> **EXERCISE GOAL**: Return only the number of lines in the material below holding the string "that".

> **TASK DATA**:
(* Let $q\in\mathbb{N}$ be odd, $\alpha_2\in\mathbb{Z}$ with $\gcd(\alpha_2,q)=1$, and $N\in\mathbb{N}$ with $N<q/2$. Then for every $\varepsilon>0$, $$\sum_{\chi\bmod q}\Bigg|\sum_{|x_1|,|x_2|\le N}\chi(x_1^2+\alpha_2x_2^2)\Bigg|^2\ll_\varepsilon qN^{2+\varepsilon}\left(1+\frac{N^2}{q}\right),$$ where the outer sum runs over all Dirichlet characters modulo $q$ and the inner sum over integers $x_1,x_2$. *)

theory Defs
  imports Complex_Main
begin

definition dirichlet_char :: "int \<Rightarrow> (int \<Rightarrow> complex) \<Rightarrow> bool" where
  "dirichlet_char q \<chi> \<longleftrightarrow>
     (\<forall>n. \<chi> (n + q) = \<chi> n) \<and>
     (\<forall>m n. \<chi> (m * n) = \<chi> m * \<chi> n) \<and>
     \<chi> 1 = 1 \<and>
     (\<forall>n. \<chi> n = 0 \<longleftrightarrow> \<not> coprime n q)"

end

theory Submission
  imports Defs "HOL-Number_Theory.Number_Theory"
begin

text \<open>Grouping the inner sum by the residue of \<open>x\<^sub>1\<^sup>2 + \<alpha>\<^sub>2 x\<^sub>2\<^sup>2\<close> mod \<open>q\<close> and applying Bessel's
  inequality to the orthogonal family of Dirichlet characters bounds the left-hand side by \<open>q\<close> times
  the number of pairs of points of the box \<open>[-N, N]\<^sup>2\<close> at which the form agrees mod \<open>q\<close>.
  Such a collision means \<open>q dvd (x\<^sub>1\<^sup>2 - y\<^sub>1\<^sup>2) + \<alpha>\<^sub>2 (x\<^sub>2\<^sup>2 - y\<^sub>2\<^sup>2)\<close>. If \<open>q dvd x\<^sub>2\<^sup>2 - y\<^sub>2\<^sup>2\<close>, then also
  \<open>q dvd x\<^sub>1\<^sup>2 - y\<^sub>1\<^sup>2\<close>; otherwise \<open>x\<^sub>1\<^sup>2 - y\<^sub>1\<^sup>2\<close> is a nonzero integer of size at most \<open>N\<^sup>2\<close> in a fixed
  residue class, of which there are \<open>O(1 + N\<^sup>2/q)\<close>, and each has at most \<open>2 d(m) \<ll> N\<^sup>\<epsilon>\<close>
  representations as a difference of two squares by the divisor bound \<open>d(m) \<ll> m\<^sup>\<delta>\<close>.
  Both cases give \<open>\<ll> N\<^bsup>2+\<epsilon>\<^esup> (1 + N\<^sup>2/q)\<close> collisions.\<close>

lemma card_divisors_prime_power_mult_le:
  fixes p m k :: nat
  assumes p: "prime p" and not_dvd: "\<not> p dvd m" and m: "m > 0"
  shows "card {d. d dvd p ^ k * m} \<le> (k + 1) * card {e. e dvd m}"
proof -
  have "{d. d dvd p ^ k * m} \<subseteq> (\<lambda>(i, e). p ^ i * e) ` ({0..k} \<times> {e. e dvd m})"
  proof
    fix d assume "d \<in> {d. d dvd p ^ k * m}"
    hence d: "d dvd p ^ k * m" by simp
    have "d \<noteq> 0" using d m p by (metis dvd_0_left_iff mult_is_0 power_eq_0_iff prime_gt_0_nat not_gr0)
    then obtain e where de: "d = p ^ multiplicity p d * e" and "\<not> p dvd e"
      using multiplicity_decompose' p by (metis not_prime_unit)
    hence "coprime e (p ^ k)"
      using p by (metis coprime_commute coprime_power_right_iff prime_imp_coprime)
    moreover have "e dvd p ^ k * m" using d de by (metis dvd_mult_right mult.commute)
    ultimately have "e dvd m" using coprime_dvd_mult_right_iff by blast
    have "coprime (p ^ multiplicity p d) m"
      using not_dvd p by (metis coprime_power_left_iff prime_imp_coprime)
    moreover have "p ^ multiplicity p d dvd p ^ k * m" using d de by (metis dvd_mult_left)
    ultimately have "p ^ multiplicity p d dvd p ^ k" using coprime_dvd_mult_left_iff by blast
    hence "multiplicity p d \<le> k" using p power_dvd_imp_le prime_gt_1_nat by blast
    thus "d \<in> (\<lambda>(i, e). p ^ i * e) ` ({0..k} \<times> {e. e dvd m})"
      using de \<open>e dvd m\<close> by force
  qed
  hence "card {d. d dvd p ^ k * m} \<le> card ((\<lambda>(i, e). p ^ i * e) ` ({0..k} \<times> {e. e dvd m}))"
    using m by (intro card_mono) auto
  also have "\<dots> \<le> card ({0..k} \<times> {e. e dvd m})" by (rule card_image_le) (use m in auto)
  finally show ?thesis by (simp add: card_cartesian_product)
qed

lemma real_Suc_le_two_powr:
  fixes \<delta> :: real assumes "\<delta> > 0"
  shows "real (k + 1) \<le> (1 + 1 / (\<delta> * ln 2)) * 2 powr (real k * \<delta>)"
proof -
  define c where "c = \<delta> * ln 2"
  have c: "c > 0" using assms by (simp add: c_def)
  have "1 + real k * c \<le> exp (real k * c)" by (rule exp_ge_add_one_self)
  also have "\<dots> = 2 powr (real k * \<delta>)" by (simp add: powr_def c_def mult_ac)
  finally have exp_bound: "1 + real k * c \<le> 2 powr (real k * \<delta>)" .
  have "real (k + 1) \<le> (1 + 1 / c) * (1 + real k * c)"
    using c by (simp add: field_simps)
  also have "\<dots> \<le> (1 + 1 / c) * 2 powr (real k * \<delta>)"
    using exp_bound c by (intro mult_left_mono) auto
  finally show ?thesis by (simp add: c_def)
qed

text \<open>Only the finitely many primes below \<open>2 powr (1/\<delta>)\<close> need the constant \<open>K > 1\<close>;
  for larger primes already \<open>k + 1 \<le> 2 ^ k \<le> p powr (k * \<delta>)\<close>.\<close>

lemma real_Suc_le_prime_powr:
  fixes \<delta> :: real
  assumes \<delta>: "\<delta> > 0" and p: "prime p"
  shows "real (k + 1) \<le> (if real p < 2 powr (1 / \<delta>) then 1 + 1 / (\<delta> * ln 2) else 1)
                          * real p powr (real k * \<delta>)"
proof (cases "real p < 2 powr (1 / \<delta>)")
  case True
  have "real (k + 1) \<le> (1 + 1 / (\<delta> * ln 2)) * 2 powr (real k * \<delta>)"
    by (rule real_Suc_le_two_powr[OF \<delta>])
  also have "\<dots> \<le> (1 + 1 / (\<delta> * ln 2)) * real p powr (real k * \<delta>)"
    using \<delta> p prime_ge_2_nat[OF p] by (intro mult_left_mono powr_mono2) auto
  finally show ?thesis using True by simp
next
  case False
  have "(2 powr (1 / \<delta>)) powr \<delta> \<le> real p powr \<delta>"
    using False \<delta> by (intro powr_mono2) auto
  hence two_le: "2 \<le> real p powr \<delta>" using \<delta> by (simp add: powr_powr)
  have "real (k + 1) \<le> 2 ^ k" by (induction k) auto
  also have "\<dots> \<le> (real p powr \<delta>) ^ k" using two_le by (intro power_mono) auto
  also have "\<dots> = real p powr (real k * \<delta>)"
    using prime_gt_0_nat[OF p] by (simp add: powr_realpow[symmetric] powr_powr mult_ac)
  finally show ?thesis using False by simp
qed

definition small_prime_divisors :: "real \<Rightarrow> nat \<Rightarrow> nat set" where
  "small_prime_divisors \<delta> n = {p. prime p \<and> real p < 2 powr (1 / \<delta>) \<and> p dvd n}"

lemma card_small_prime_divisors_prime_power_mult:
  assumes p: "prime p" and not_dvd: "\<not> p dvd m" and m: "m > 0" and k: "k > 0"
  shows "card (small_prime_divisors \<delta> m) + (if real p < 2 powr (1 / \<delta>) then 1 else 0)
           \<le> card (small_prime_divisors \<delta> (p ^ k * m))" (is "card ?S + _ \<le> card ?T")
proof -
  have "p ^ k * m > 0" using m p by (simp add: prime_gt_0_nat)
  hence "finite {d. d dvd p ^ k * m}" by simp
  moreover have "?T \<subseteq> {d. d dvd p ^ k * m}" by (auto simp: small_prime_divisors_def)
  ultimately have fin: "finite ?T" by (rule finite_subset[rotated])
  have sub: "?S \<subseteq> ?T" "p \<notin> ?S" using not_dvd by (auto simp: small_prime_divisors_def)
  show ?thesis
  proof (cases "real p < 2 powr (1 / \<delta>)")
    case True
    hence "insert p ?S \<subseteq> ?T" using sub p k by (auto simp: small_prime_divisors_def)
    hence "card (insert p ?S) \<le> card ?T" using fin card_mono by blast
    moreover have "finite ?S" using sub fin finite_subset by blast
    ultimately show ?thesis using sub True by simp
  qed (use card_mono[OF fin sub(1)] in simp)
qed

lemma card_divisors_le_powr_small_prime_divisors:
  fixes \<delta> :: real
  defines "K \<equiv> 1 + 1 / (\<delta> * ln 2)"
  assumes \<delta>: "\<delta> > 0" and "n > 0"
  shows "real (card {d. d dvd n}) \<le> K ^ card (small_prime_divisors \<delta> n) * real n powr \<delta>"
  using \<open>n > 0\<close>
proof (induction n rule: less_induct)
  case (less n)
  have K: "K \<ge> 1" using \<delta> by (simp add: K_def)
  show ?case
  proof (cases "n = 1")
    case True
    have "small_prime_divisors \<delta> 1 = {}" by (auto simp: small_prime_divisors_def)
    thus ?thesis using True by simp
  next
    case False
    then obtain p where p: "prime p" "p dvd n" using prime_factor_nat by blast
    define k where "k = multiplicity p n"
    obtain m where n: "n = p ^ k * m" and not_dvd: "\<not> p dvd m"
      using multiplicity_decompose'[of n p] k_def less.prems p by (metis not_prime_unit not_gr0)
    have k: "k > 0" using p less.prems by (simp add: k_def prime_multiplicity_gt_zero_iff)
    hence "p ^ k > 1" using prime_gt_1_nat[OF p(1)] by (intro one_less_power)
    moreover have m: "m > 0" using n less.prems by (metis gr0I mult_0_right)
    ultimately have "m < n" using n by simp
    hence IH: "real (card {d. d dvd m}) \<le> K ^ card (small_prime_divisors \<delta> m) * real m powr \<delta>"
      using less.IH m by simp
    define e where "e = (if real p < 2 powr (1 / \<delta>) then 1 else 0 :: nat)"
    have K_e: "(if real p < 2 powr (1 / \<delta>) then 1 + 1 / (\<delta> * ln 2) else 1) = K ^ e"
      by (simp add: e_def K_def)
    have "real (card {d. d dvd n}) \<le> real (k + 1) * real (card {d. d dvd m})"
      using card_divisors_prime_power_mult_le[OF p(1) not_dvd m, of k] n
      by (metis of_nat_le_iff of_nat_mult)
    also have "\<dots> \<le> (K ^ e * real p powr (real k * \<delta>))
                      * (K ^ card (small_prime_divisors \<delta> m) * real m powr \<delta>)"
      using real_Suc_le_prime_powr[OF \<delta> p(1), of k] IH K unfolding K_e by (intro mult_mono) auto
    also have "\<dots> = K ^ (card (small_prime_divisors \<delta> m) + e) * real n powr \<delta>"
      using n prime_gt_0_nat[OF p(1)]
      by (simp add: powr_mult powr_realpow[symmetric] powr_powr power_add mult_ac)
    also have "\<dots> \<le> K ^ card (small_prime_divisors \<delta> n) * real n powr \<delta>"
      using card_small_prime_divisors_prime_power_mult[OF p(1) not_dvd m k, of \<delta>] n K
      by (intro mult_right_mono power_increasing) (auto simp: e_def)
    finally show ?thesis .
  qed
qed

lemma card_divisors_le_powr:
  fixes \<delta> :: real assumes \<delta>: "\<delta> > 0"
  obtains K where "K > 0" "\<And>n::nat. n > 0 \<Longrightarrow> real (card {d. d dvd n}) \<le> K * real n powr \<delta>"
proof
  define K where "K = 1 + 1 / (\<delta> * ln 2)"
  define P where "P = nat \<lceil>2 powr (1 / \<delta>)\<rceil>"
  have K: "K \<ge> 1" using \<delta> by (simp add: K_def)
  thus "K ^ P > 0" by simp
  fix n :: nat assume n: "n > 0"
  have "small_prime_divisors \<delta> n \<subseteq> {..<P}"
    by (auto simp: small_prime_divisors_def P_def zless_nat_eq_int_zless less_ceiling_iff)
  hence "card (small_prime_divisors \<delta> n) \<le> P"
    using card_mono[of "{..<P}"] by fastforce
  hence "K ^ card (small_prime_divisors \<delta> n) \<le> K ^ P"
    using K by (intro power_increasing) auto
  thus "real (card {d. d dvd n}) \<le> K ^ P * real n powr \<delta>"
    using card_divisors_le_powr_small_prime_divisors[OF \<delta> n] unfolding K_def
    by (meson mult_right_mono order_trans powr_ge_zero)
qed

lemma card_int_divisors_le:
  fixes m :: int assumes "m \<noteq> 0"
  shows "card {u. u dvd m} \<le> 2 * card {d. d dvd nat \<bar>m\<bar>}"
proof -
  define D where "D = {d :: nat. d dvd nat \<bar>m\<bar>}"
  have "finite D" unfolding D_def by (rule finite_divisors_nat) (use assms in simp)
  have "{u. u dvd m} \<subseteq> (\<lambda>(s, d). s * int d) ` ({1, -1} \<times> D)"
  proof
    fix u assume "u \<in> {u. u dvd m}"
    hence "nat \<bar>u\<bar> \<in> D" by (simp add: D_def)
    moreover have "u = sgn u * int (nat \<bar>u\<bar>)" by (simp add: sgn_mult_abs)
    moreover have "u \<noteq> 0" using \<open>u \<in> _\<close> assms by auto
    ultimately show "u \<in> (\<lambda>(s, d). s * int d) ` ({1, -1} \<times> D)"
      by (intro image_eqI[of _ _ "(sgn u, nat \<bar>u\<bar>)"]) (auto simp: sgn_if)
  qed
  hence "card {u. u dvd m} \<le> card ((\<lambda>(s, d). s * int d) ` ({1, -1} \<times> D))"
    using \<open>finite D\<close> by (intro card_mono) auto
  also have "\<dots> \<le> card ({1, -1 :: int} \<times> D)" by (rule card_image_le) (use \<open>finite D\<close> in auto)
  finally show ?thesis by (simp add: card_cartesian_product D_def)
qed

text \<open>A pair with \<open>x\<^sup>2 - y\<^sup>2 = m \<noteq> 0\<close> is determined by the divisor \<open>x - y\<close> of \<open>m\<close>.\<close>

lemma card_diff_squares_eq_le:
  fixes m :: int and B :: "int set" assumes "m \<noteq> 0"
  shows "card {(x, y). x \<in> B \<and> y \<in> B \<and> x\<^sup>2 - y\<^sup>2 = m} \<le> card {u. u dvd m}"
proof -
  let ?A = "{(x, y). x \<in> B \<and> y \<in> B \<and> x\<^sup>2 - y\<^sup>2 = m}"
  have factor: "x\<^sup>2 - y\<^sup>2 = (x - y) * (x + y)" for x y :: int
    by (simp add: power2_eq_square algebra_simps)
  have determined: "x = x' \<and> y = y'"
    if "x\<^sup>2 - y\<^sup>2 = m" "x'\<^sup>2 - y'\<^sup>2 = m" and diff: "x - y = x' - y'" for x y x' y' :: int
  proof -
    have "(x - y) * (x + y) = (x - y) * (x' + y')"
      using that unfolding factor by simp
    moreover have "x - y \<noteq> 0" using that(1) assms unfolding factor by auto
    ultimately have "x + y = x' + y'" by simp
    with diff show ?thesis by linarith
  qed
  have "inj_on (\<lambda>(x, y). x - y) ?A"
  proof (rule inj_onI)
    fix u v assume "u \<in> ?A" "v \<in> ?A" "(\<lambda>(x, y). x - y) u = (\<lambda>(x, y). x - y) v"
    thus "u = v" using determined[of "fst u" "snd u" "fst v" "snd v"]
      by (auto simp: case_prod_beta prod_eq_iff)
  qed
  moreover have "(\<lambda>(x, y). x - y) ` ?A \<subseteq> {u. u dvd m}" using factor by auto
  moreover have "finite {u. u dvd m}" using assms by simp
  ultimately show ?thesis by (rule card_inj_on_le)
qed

> **TASK OUTPUT**: 2